* Collected data entries
definition subst_st :: "'n \<Rightarrow> ('n::finite, 'a::comm_ring_1) mpoly \<Rightarrow> 'a poly poly" where
  "subst_st y f = (\<Sum>\<mu>\<in>Poly_Mapping.keys f. st_monom y \<mu> (Poly_Mapping.lookup f \<mu>))"

lemma st_monom_0 [simp]: "st_monom y \<mu> 0 = 0"
  by (simp add: st_monom_def)

lemma st_monom_add: "st_monom y \<mu> (a + b) = st_monom y \<mu> a + st_monom y \<mu> b"
  by (simp add: st_monom_def add_monom)

lemma st_monom_mult: "st_monom y \<mu> a * st_monom y \<nu> b = st_monom y (\<mu> + \<nu>) (a * b)"
  by (simp add: st_monom_def mult_monom lookup_add total_degree_add)

lemma subst_st_0 [simp]: "subst_st y 0 = 0"
  by (simp add: subst_st_def)

lemma subst_st_add: "subst_st y (f + g) = subst_st y f + subst_st y g"
  unfolding subst_st_def by (rule setsum_keys_plus_distrib) (simp_all add: st_monom_add)

lemma subst_st_single: "subst_st y (Poly_Mapping.single \<mu> c) = st_monom y \<mu> c"
  by (cases "c = 0") (simp_all add: subst_st_def)

lemma update_eq_add_single:
  "a \<notin> Poly_Mapping.keys f \<Longrightarrow> Poly_Mapping.update a b f = f + Poly_Mapping.single a b"
  by (rule poly_mapping_eqI) (auto simp: lookup_update lookup_add lookup_single in_keys_iff)

lemma subst_st_single_mult:
  "subst_st y (Poly_Mapping.single \<mu> c * g) = st_monom y \<mu> c * subst_st y g"
proof (induction g rule: Poly_Mapping.update_induct)
  case (update a b g)
  then show ?case
    by (simp add: update_eq_add_single distrib_left subst_st_add mult_single subst_st_single
        st_monom_mult)
qed simp

lemma subst_st_mult: "subst_st y (f * g) = subst_st y f * subst_st y g"
proof (induction f rule: Poly_Mapping.update_induct)
  case (update a b f)
  then show ?case
    by (simp add: update_eq_add_single distrib_right subst_st_add subst_st_single_mult
        subst_st_single)
qed simp

lemma subst_st_const_mult:
  "subst_st y (Poly_Mapping.single 0 c * f) = [:[:c:]:] * subst_st y f"
  by (simp add: subst_st_single_mult st_monom_def total_degree_def monom_0)

lemma subst_st_monXY:
  "x \<noteq> y \<Longrightarrow> subst_st y (monXY x y i j :: ('n::finite, 'a::comm_ring_1) mpoly) = monom (monom 1 j) (i + j)"
  by (simp add: monXY_def subst_st_single st_monom_def lookup_add lookup_single total_degree_add
      total_degree_single)

lemma coeff_subst_st:
  "coeff (subst_st y f) k = (\<Sum>\<mu>\<in>{\<mu>\<in>Poly_Mapping.keys f. total_degree \<mu> = k}.
      monom (Poly_Mapping.lookup f \<mu>) (Poly_Mapping.lookup \<mu> y))"
  unfolding subst_st_def coeff_sum st_monom_def coeff_monom
  by (rule sum.mono_neutral_cong_right) auto

lemma coeff_coeff_subst_st:
  "coeff (coeff (subst_st y f) k) j = (\<Sum>\<mu>\<in>{\<mu>\<in>Poly_Mapping.keys f.
      total_degree \<mu> = k \<and> Poly_Mapping.lookup \<mu> y = j}. Poly_Mapping.lookup f \<mu>)"
  unfolding coeff_subst_st coeff_sum coeff_monom
  by (rule sum.mono_neutral_cong_right) auto

lemma degree_coeff_subst_st_le: "degree (coeff (subst_st y f) k) \<le> k"
proof -
  have "degree (coeff (subst_st y f) k) \<le> Max (insert 0 ((\<lambda>\<mu>. degree (monom (Poly_Mapping.lookup f \<mu>)
     (Poly_Mapping.lookup \<mu> y))) ` {\<mu>\<in>Poly_Mapping.keys f. total_degree \<mu> = k}))"
    unfolding coeff_subst_st by (rule degree_sum_le) auto
  also have "\<dots> \<le> k"
    by (intro Max.boundedI) (auto intro: order.trans[OF degree_monom_le] simp: lookup_le_total_degree)
  finally show ?thesis .
qed

lemma coeff_subst_st_0: "coeff (subst_st y f) 0 = [:Poly_Mapping.lookup f 0:]"
proof -
  have "{\<mu>\<in>Poly_Mapping.keys f. total_degree \<mu> = 0} = (if Poly_Mapping.lookup f 0 = 0 then {} else {0})"
    by (auto simp: total_degree_eq_0_iff in_keys_iff)
  then show ?thesis
    unfolding coeff_subst_st by (auto simp: monom_0)
qed

section \<open>Monomial ideals\<close>

lemma is_ideal_keys_subset:
  assumes "\<And>\<mu> \<nu>. \<mu> \<in> U \<Longrightarrow> \<nu> + \<mu> \<in> U"
  shows "is_ideal {f :: ('n, 'a::comm_ring_1) mpoly. Poly_Mapping.keys f \<subseteq> U}"
  unfolding is_ideal_def
proof (intro conjI ballI allI)
  fix a b :: "('n, 'a) mpoly"
  assume "a \<in> {f. Poly_Mapping.keys f \<subseteq> U}" "b \<in> {f. Poly_Mapping.keys f \<subseteq> U}"
  then show "a + b \<in> {f. Poly_Mapping.keys f \<subseteq> U}"
    using keys_add[of a b] by auto
next
  fix r a :: "('n, 'a) mpoly"
  assume "a \<in> {f. Poly_Mapping.keys f \<subseteq> U}"
  then show "r * a \<in> {f. Poly_Mapping.keys f \<subseteq> U}"
    using keys_mult[of r a] assms by blast
qed simp

lemma lookup_mult_least_total_degree:
  fixes f g :: "('n::finite, 'a::comm_ring_1) mpoly"
  assumes least: "\<And>\<nu>. \<nu> \<in> Poly_Mapping.keys g \<Longrightarrow> total_degree \<mu> \<le> total_degree \<nu>"
  shows "Poly_Mapping.lookup (f * g) \<mu> = Poly_Mapping.lookup f 0 * Poly_Mapping.lookup g \<mu>"
proof -
  define f' where "f' = f - Poly_Mapping.single 0 (Poly_Mapping.lookup f 0)"
  have "\<mu> \<notin> Poly_Mapping.keys (f' * g)"
  proof
    assume "\<mu> \<in> Poly_Mapping.keys (f' * g)"
    then obtain a b where "a \<in> Poly_Mapping.keys f'" "b \<in> Poly_Mapping.keys g" "\<mu> = a + b"
      using keys_mult[of f' g] by blast
    moreover have "a \<noteq> 0"
      using \<open>a \<in> Poly_Mapping.keys f'\<close> by (auto simp: f'_def in_keys_iff lookup_minus)
    ultimately show False
      using least[of b] total_degree_eq_0_iff[of a] by (simp add: total_degree_add)
  qed
  moreover have "f * g = Poly_Mapping.single 0 (Poly_Mapping.lookup f 0) * g + f' * g"
    by (simp add: f'_def algebra_simps)
  ultimately show ?thesis
    by (simp add: lookup_add in_keys_iff Poly_Mapping.map.rep_eq when_def flip: mult_map_scale_conv_mult)
qed

text \<open>Split \<open>g\<close> into its terms inside and outside \<open>U\<close>; a term of least total degree outside \<open>U\<close>
  survives in \<open>f g\<close>.\<close>

lemma keys_mult_subset_cancel:
  fixes f g :: "('n::finite, 'a::idom) mpoly"
  assumes up: "\<And>\<mu> \<nu>. \<mu> \<in> U \<Longrightarrow> \<nu> + \<mu> \<in> U"
    and fg: "Poly_Mapping.keys (f * g) \<subseteq> U" and f0: "Poly_Mapping.lookup f 0 \<noteq> 0"
  shows "Poly_Mapping.keys g \<subseteq> U"
proof (rule ccontr)
  assume "\<not> Poly_Mapping.keys g \<subseteq> U"
  let ?M = "{f :: ('n, 'a) mpoly. Poly_Mapping.keys f \<subseteq> U}"
  have M: "is_ideal ?M"
    using up by (rule is_ideal_keys_subset)
  define g1 where "g1 = Poly_Mapping.mapp (\<lambda>\<mu> c. c when \<mu> \<in> U) g"
  define g2 where "g2 = g - g1"
  have lookup_g2: "Poly_Mapping.lookup g2 \<mu> = (Poly_Mapping.lookup g \<mu> when \<mu> \<notin> U)" for \<mu>
    by (simp add: g1_def g2_def lookup_minus lookup_mapp in_keys_iff when_def)
  have "g1 \<in> ?M"
    by (auto simp: g1_def in_keys_iff lookup_mapp when_def split: if_splits)
  then have "f * g - f * g1 \<in> ?M"
    using fg ideal_diff[OF M, of "f * g"] ideal_mult_left[OF M] by simp
  then have fg2: "Poly_Mapping.keys (f * g2) \<subseteq> U"
    by (simp add: g2_def right_diff_distrib)
  obtain k where "k \<in> Poly_Mapping.keys g2"
    using \<open>\<not> Poly_Mapping.keys g \<subseteq> U\<close> by (auto simp: in_keys_iff lookup_g2)
  then obtain \<mu> where \<mu>: "\<mu> \<in> Poly_Mapping.keys g2"
    and least: "\<And>\<nu>. \<nu> \<in> Poly_Mapping.keys g2 \<Longrightarrow> total_degree \<mu> \<le> total_degree \<nu>"
    using ex_has_least_nat[of "\<lambda>\<mu>. \<mu> \<in> Poly_Mapping.keys g2" k total_degree] by blast
  from least have "Poly_Mapping.lookup (f * g2) \<mu> = Poly_Mapping.lookup f 0 * Poly_Mapping.lookup g2 \<mu>"
    by (rule lookup_mult_least_total_degree)
  then have "\<mu> \<in> Poly_Mapping.keys (f * g2)"
    using f0 \<mu> by (simp add: in_keys_iff)
  moreover have "\<mu> \<notin> U"
    using \<mu> by (simp add: in_keys_iff lookup_g2 when_def split: if_splits)
  ultimately show False
    using fg2 by blast
qed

* Problem requirements
Scan the records above for the lines holding "(f * g2) \<subseteq>" and "using \<open>\<not> Poly_Mapping.keys". Transcribe those two and every line between them word for word, and no others.

* Answer area
  then have fg2: "Poly_Mapping.keys (f * g2) \<subseteq> U"
    by (simp add: g2_def right_diff_distrib)
  obtain k where "k \<in> Poly_Mapping.keys g2"
    using \<open>\<not> Poly_Mapping.keys g \<subseteq> U\<close> by (auto simp: in_keys_iff lookup_g2)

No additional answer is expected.